# Brossa



## RamonC (Jun 7, 2018)

This is my latest piece of music that I have written.

It is intended to be heard at the presentation of a book about *Joan Brossa*.


__
https://soundcloud.com/ramon-capsada-blanch%2Fbrossa

On the SoundCloud page is the explanation that helps to appreciate some details of the work. To facilitate your reading, I copy this text below:

-------------------

Explanations about the work:

1. It was written to be heard at the presentation of the book "El paraigua de Joan Brossa" edited by "Papers de Versàlia" a group formed by poets from Sabadell (Barcelona). It is a book of poems made by about a hundred poets who write in Catalan and Spanish, as a tribute to Catalan poet Joan Brossa on the centenary of his birth on 2019.

2. It consists of two parts, designed to be heard separately.
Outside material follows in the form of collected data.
lemma length_off_route_nbrs:
  assumes "X \<in> tern_strings n" "Y \<in> tern_strings n"
  shows "2 * n - 1 \<le> length (off_route_nbrs X X Y)"
    and "2 * n - 1 \<le> length (off_route_nbrs Y X Y)"
proof -
  have len: "length X = length Y"
    using assms by (simp add: tern_strings_def)
  have "set (tern_nbrs X) \<inter> set (route X Y) \<subseteq> set (route X Y) \<inter> {Z. hamming X Z = 1}"
    using tern_nbrsD[OF assms(1)] by blast
  from card_mono[OF _ this] have "card (set (tern_nbrs X) \<inter> set (route X Y)) \<le> 1"
    using card_route_hamming_1_le(1)[OF len] by simp
  then show "2 * n - 1 \<le> length (off_route_nbrs X X Y)"
    using length_filter_notin_ge[of "tern_nbrs X"]
      length_tern_nbrs[OF assms(1)] distinct_tern_nbrs[OF assms(1)]
    by (simp add: off_route_nbrs_def)
  have "hamming Z Y = 1" if "Z \<in> set (tern_nbrs Y)" for Z
    using tern_nbrsD[OF assms(2) that] assms(2) hamming_commute[of Z Y]
    by (simp add: tern_strings_def)
  then have "set (tern_nbrs Y) \<inter> set (route X Y) \<subseteq> set (route X Y) \<inter> {Z. hamming Z Y = 1}"
    by blast
  from card_mono[OF _ this] have "card (set (tern_nbrs Y) \<inter> set (route X Y)) \<le> 1"
    using card_route_hamming_1_le(2)[OF len] by simp
  then show "2 * n - 1 \<le> length (off_route_nbrs Y X Y)"
    using length_filter_notin_ge[of "tern_nbrs Y"]
      length_tern_nbrs[OF assms(2)] distinct_tern_nbrs[OF assms(2)]
    by (simp add: off_route_nbrs_def)
qed

lemma e3c_path_iff_successively:
  "e3c_path r s t u v p \<longleftrightarrow>
     p \<noteq> [] \<and> hd p = u \<and> last p = v \<and> distinct p \<and> successively (e3c_adj r s t) p"
  by (simp add: e3c_path_def successively_conv_nth)

lemma e3c_adj_commute: "e3c_adj r s t x y \<Longrightarrow> e3c_adj r s t y x"
  unfolding e3c_adj_def by (cases x; cases y) (simp; metis differ_one_commute)

lemma e3c_adj_change_d:
  "(A, B, C, d) \<in> e3c_verts r s t \<Longrightarrow> d' < 3 \<Longrightarrow> d \<noteq> d' \<Longrightarrow>
     e3c_adj r s t (A, B, C, d) (A, B, C, d')"
  by (auto simp: e3c_adj_def e3c_verts_def)

lemma e3c_adj_change_C:
  "A \<in> tern_strings r \<Longrightarrow> B \<in> tern_strings s \<Longrightarrow> X \<in> tern_strings t \<Longrightarrow> Y \<in> tern_strings t \<Longrightarrow>
     differ_one X Y \<Longrightarrow> e3c_adj r s t (A, B, X, 0) (A, B, Y, 0)"
  by (auto simp: e3c_adj_def e3c_verts_def dest: differ_one_neq)

lemma e3c_adj_change_B:
  "A \<in> tern_strings r \<Longrightarrow> C \<in> tern_strings t \<Longrightarrow> X \<in> tern_strings s \<Longrightarrow> Y \<in> tern_strings s \<Longrightarrow>
     differ_one X Y \<Longrightarrow> e3c_adj r s t (A, X, C, 1) (A, Y, C, 1)"
  by (auto simp: e3c_adj_def e3c_verts_def dest: differ_one_neq)

lemma e3c_adj_change_A:
  "B \<in> tern_strings s \<Longrightarrow> C \<in> tern_strings t \<Longrightarrow> X \<in> tern_strings r \<Longrightarrow> Y \<in> tern_strings r \<Longrightarrow>
     differ_one X Y \<Longrightarrow> e3c_adj r s t (X, B, C, 2) (Y, B, C, 2)"
  by (auto simp: e3c_adj_def e3c_verts_def dest: differ_one_neq)

definition walk_C :: "nat list \<Rightarrow> nat list \<Rightarrow> nat list \<Rightarrow> nat list \<Rightarrow> e3c_vertex list" where
  "walk_C A B X Y = map (\<lambda>Z. (A, B, Z, 0)) (route X Y)"

definition walk_B :: "nat list \<Rightarrow> nat list \<Rightarrow> nat list \<Rightarrow> nat list \<Rightarrow> e3c_vertex list" where
  "walk_B A C X Y = map (\<lambda>Z. (A, Z, C, 1)) (route X Y)"

lemma walk_C_simps [simp]:
  "walk_C A B X Y \<noteq> []" "hd (walk_C A B X Y) = (A, B, X, 0)"
  "length X = length Y \<Longrightarrow> last (walk_C A B X Y) = (A, B, Y, 0)"
  "length X = length Y \<Longrightarrow> distinct (walk_C A B X Y)"
  "length (walk_C A B X Y) = length (route X Y)"
  "v \<in> set (walk_C A B X Y) \<longleftrightarrow> (\<exists>Z\<in>set (route X Y). v = (A, B, Z, 0))"
  by (auto simp: walk_C_def hd_map last_map distinct_map inj_on_def distinct_route)

lemma walk_B_simps [simp]:
  "walk_B A C X Y \<noteq> []" "hd (walk_B A C X Y) = (A, X, C, 1)"
  "length X = length Y \<Longrightarrow> last (walk_B A C X Y) = (A, Y, C, 1)"
  "length X = length Y \<Longrightarrow> distinct (walk_B A C X Y)"
  "length (walk_B A C X Y) = length (route X Y)"
  "v \<in> set (walk_B A C X Y) \<longleftrightarrow> (\<exists>Z\<in>set (route X Y). v = (A, Z, C, 1))"
  by (auto simp: walk_B_def hd_map last_map distinct_map inj_on_def distinct_route)

lemma successively_walk_C:
  assumes "A \<in> tern_strings r" "B \<in> tern_strings s" "X \<in> tern_strings t" "Y \<in> tern_strings t"
  shows "successively (e3c_adj r s t) (walk_C A B X Y)"
proof -
  have len: "length X = length Y"
    using assms by (simp add: tern_strings_def)
  show ?thesis
    unfolding walk_C_def successively_map
    using successively_differ_one_route[OF len]
    by (rule successively_mono)
      (use e3c_adj_change_C[OF assms(1,2)] route_in_tern_strings[OF assms(3,4)] in blast)
qed

lemma successively_walk_B:
  assumes "A \<in> tern_strings r" "C \<in> tern_strings t" "X \<in> tern_strings s" "Y \<in> tern_strings s"
  shows "successively (e3c_adj r s t) (walk_B A C X Y)"
proof -
  have len: "length X = length Y"
    using assms by (simp add: tern_strings_def)
  show ?thesis
    unfolding walk_B_def successively_map
    using successively_differ_one_route[OF len]
    by (rule successively_mono)
      (use e3c_adj_change_B[OF assms(1,2)] route_in_tern_strings[OF assms(3,4)] in blast)
qed

definition pairwise_list :: "('a \<Rightarrow> 'a \<Rightarrow> bool) \<Rightarrow> 'a list \<Rightarrow> bool" where
  "pairwise_list R xs \<longleftrightarrow> (\<forall>i<length xs. \<forall>j<length xs. i \<noteq> j \<longrightarrow> R (xs ! i) (xs ! j))"

lemma pairwise_list_Nil [simp]: "pairwise_list R []"
  by (simp add: pairwise_list_def)

lemma pairwise_list_Cons:
  "symp R \<Longrightarrow> (\<forall>y\<in>set xs. R x y) \<Longrightarrow> pairwise_list R xs \<Longrightarrow> pairwise_list R (x # xs)"
  unfolding pairwise_list_def by (auto simp: nth_Cons symp_def split: nat.splits)

lemma pairwise_list_append:
  "symp R \<Longrightarrow> (\<forall>x\<in>set xs. \<forall>y\<in>set ys. R x y) \<Longrightarrow> pairwise_list R xs \<Longrightarrow> pairwise_list R ys \<Longrightarrow>
     pairwise_list R (xs @ ys)"
  unfolding pairwise_list_def by (auto simp: nth_append symp_def)

lemma pairwise_list_map2:
  assumes "distinct xs" "distinct ys"
    and "\<And>x y x' y'. x \<in> set xs \<Longrightarrow> x' \<in> set xs \<Longrightarrow> y \<in> set ys \<Longrightarrow> y' \<in> set ys \<Longrightarrow>
           x \<noteq> x' \<Longrightarrow> y \<noteq> y' \<Longrightarrow> R (f x y) (f x' y')"
  shows "pairwise_list R (map2 f xs ys)"
  unfolding pairwise_list_def
proof (intro allI impI)
  fix i j assume "i < length (map2 f xs ys)" "j < length (map2 f xs ys)" "i \<noteq> j"
  then show "R (map2 f xs ys ! i) (map2 f xs ys ! j)"
    using assms by (simp add: nth_eq_iff_index_eq)
qed

lemma symp_internally_disjoint: "symp (internally_disjoint u v)"
  by (auto simp: symp_def internally_disjoint_def)

definition disjoint_paths ::
    "nat \<Rightarrow> nat \<Rightarrow> nat \<Rightarrow> e3c_vertex \<Rightarrow> e3c_vertex \<Rightarrow> nat \<Rightarrow> e3c_vertex list list \<Rightarrow> bool" where
  "disjoint_paths r s t u v L P \<longleftrightarrow>
     (\<forall>p\<in>set P. e3c_path r s t u v p \<and> length p - 1 \<le> L) \<and>
     pairwise_list (internally_disjoint u v) P"

lemma disjoint_paths_rev:
  assumes "disjoint_paths r s t u v L P"
  shows "disjoint_paths r s t v u L (map rev P)"
proof -
  have "e3c_path r s t v u (rev p)" if "e3c_path r s t u v p" for p
    using that unfolding e3c_path_iff_successively
    by (auto simp: hd_rev last_rev elim: successively_mono intro: e3c_adj_commute)
  moreover have "internally_disjoint v u (rev p) (rev q)" if "internally_disjoint u v p q" for p q
    using that by (auto simp: internally_disjoint_def)
  ultimately show ?thesis
    using assms by (auto simp: disjoint_paths_def pairwise_list_def)
qed

fun swap_BC :: "e3c_vertex \<Rightarrow> e3c_vertex" where
  "swap_BC (A, B, C, d) = (A, C, B, if d = 0 then 1 else if d = 1 then 0 else d)"

lemma inj_swap_BC: "inj swap_BC"
proof (rule injI)
  fix x y assume "swap_BC x = swap_BC y"
  then show "x = y"
    by (cases x; cases y) (auto split: if_splits)
qed

lemma e3c_adj_swap_BC: "e3c_adj r s t x y \<Longrightarrow> e3c_adj r t s (swap_BC x) (swap_BC y)"
  unfolding e3c_adj_def e3c_verts_def by (cases x; cases y) (auto split: if_splits)

lemma disjoint_paths_swap_BC:
  assumes "disjoint_paths r s t u v L P"
  shows "disjoint_paths r t s (swap_BC u) (swap_BC v) L (map (map swap_BC) P)"
proof -
  have "e3c_path r t s (swap_BC u) (swap_BC v) (map swap_BC p)" if "e3c_path r s t u v p" for p
    using that unfolding e3c_path_iff_successively
    by (auto simp: hd_map last_map distinct_map inj_on_subset[OF inj_swap_BC] successively_map
        elim: successively_mono intro: e3c_adj_swap_BC)
  moreover have "internally_disjoint (swap_BC u) (swap_BC v) (map swap_BC p) (map swap_BC q)"
    if "internally_disjoint u v p q" for p q
    using that by (auto simp: internally_disjoint_def image_Int[OF inj_swap_BC, symmetric])
  ultimately show ?thesis
    using assms by (auto simp: disjoint_paths_def pairwise_list_def)
qed

locale e3c_pair =
  fixes r s t :: nat and A B C B' C' :: "nat list"
  assumes r_pos: "1 \<le> r" and r_le_s: "r \<le> s" and r_le_t: "r \<le> t"
    and A: "A \<in> tern_strings r" and B: "B \<in> tern_strings s" and B': "B' \<in> tern_strings s"
    and C: "C \<in> tern_strings t" and C': "C' \<in> tern_strings t"
    and B_neq: "B \<noteq> B'" and C_neq: "C \<noteq> C'"
begin

definition B_nbrs :: "nat list list" where
  "B_nbrs = take (2 * r - 1) (off_route_nbrs B B B')"

definition C'_nbrs :: "nat list list" where
  "C'_nbrs = take (2 * r - 1) (off_route_nbrs C' C C')"

lemma length_strings: "length A = r" "length B = s" "length B' = s" "length C = t" "length C' = t"
  using A B B' C C' by (auto simp: tern_strings_def)

lemma ends_in_routes:
  "B \<in> set (route B B')" "B' \<in> set (route B B')" "C \<in> set (route C C')" "C' \<in> set (route C C')"
  by (simp_all add: ends_in_route length_strings)

lemma A_nbrD:
  assumes "Ak \<in> set (tern_nbrs A)"
  shows "Ak \<in> tern_strings r \<and> differ_one A Ak \<and> differ_one Ak A \<and> Ak \<noteq> A"
proof -
  have "Ak \<in> tern_strings r" "differ_one A Ak"
    using tern_nbrsD[OF A assms] length_strings
    by (auto simp: differ_one_iff_hamming tern_strings_def)
  then show ?thesis
    using differ_one_commute differ_one_neq by blast
qed

lemma
  shows length_B_nbrs: "length B_nbrs = 2 * r - 1"
    and distinct_B_nbrs: "distinct B_nbrs"
    and B_nbrD: "Bk \<in> set B_nbrs \<Longrightarrow>
      Bk \<in> tern_strings s \<and> differ_one B Bk \<and> Bk \<notin> set (route B B') \<and> Bk \<noteq> B \<and> Bk \<noteq> B'"
  using length_off_route_nbrs(1)[OF B B'] distinct_off_route_nbrs[OF B, of B B']
    off_route_nbrsD[OF B, where X = B and Y = B'] r_le_s ends_in_routes
  by (auto simp: B_nbrs_def dest: in_set_takeD)

lemma
  shows length_C'_nbrs: "length C'_nbrs = 2 * r - 1"
    and distinct_C'_nbrs: "distinct C'_nbrs"
    and C'_nbrD: "T \<in> set C'_nbrs \<Longrightarrow>
      T \<in> tern_strings t \<and> differ_one T C' \<and> T \<notin> set (route C C') \<and> T \<noteq> C \<and> T \<noteq> C'"
  using length_off_route_nbrs(2)[OF C C'] distinct_off_route_nbrs[OF C', of C C']
    off_route_nbrsD[OF C', where X = C and Y = C'] r_le_t ends_in_routes
  by (auto simp: C'_nbrs_def dest: in_set_takeD differ_one_commute)

definition path_BC :: "e3c_vertex list" where
  "path_BC = walk_B A C B B' @ walk_C A B' C C'"

definition path_CB :: "e3c_vertex list" where
  "path_CB = walk_C A B C C' @ walk_B A C' B B' @ [(A, B', C', 0)]"

definition detour_A :: "nat list \<Rightarrow> e3c_vertex list" where
  "detour_A Ak = [(A, B, C, 2), (Ak, B, C, 2)] @ walk_C Ak B C C' @ walk_B Ak C' B B' @
     [(Ak, B', C', 2), (A, B', C', 2), (A, B', C', 0)]"

definition detour_AC :: "nat list \<Rightarrow> nat list \<Rightarrow> e3c_vertex list" where
  "detour_AC Ak T = [(A, B, C, 2), (Ak, B, C, 2)] @ walk_C Ak B C T @ walk_B Ak T B B' @
     [(Ak, B', T, 2), (A, B', T, 2), (A, B', T, 0), (A, B', C', 0)]"

definition detour_BC :: "nat list \<Rightarrow> nat list \<Rightarrow> e3c_vertex list" where
  "detour_BC Bk T = [(A, B, C, 1), (A, Bk, C, 1)] @ walk_C A Bk C T @ walk_B A T Bk B' @
     [(A, B', T, 0), (A, B', C', 0)]"

lemmas vertex_facts =
  A B B' C C' length_strings B_neq C_neq B_neq[symmetric] C_neq[symmetric] ends_in_routes

lemma e3c_path_BC: "e3c_path r s t (A, B, C, 1) (A, B', C', 0) path_BC"
  unfolding e3c_path_iff_successively path_BC_def
  using vertex_facts successively_walk_B[of A r C t B s B'] successively_walk_C[of A r B' s C t C']
  by (auto simp: successively_append_iff e3c_verts_def intro!: e3c_adj_change_d)

lemma e3c_path_BC_from_2: "e3c_path r s t (A, B, C, 2) (A, B', C', 0) ((A, B, C, 2) # path_BC)"
  using e3c_path_BC vertex_facts unfolding e3c_path_iff_successively path_BC_def
  by (auto simp: successively_Cons e3c_verts_def intro!: e3c_adj_change_d)

lemma e3c_path_CB:
  "d \<in> {1, 2} \<Longrightarrow> e3c_path r s t (A, B, C, d) (A, B', C', 0) ((A, B, C, d) # path_CB)"
  unfolding e3c_path_iff_successively path_CB_def
  using vertex_facts successively_walk_C[of A r B s C t C'] successively_walk_B[of A r C' t B s B']
  by (auto simp: successively_append_iff successively_Cons e3c_verts_def intro!: e3c_adj_change_d)

lemma e3c_path_detour_A:
  assumes "Ak \<in> set (tern_nbrs A)"
  shows "e3c_path r s t (A, B, C, 2) (A, B', C', 0) (detour_A Ak)"
  unfolding e3c_path_iff_successively detour_A_def
  using vertex_facts A_nbrD[OF assms]
    successively_walk_C[of Ak r B s C t C'] successively_walk_B[of Ak r C' t B s B']
  by (auto simp: successively_append_iff successively_Cons e3c_verts_def
      intro!: e3c_adj_change_d e3c_adj_change_A)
Between each part the reading of several poems is planned.

3. These two parts are musically symmetrical. The music of the second part has been written strictly following a horizontal symmetry of the different musical elements of the first part, retrograde them. This arrangement wants to emphasize the importance that geometry and symmetry have in the visual poems that Brossa wrote.

4. Some key concepts regarding the Brossa figure are: avant-garde, transgression, heterodoxy, multiple facets of art, sharpness, magic, play, criticism of power, honesty. He carried out various "musical actions", with the collaboration of the composer Josep M. Mestres Quadreny who composed the music and also of Carlos Santos who played the piano. All this has formed the background on which I have wanted to base my inspiration.

5. This is why the general approach of my musical piece has been to obtain a mixture, a heterogeneous blend of diverse ingredients, through the use of different musical genres; the work has a part of tonal music and another of music of a more atonal and serial nature. A mixture that wants to refer to this capacity for interrelation and the use of different facets of art by Brossa and also wants to refer to the romantic music that Brossa liked but also to the more transgressive and experimental aspect (very evident in his musical actions, previously mentioned), which would be represented by the most atonal part of the music.

6. Since the proposal was not to perform live music, but through the computer and since the computer makes all the instruments you want available to you, I wanted to make a symphonic instrumental approach. I have used: piccolo, flute, oboe, clarinet, bassoon, contrabassoon, horn, trumpet, trombone, tuba, violin, viola, cello, double bass, piano, timpani, xylophone, drum kit, and tambourine. The piano has outstanding appearances because it was the dominant instrument in Brossa's musical actions, played by Carlos Santos, as I mentioned before.

7. To reinforce the poetic character, I have also incorporated a short passage with the feminine human voice spoken, not sung (speech is genuinely poetic). It is as if she were the voice of Christa Leem, who was an actress and vedette, considered an icon of freedom in the 70s in Barcelona and muse of great artists, including Joan Brossa who created several shows for her. This passage is a short poem located at the beginning of the first part and at the end of the second, due to the symmetrical nature of the two parts. To preserve this symmetry, the poem is made up of verses that are palindromes, that is, with the same meaning whether reading backward or forward. In this way the spoken message has meaning when it is pronounced in the two directional senses of the two symmetrical musical parts (only the order of the verses changes).

8. I have also wanted to incorporate a small detail of "Musique concrète" (Mestres Quadreny collaborated with John Cage; Carlos Santos said that Joan Brossa was the catalan "John Cage"). It is a short passage that is located just when the first part ends (and at the beginning of the second). It is a sound that is perhaps a little difficult to identify, so I wish to explain that it is the noise that a seesaw makes when swinging. The seesaw is an object that appears frequently in the world of Brossa and in his poetry. When reading the poems in the middle of the two parts of the musical piece, this reading will be sandwiched between the two sounds of the seesaw. This fact can make us pretend that the poet's presence exists while the reading of the different poems inspired by his work lasts.


----------



## neofite (Feb 19, 2017)

Lively and colorful. I enjoyed it. 

It may be just me, but do I hear just a faint hint here and there in it to the style of a well-known work by Stravinsky?


----------



## RamonC (Jun 7, 2018)

Thanks for listening to the piece and for your kind comment.

It may be that some passages recalled Stravinsky's music (which would be quite a compliment to me), for example the use of chord-based harmony with more than four diatonic notes. But there is no intention to make a specific reference to any particular work (at least quotiently).


----------



## mikeh375 (Sep 7, 2017)

I really liked it Ramon. It kept me guessing and was all the more interesting for it. The contemporary edge and harmony was excellent too as was the counterpoint. A good listen.


----------



## RamonC (Jun 7, 2018)

Thank you very much for taking the time to listen to my piece. I also appreciate your kind comments.

One of my intentions was to achieve a heterogeneous mix of styles, as a resonance of the poet Brossa's way of doing. For this reason, it has parts in the "contemporary style" and parts in the "style of Romanticism", among others. I've also tried to give it a good color and a good sense of rhythm.


----------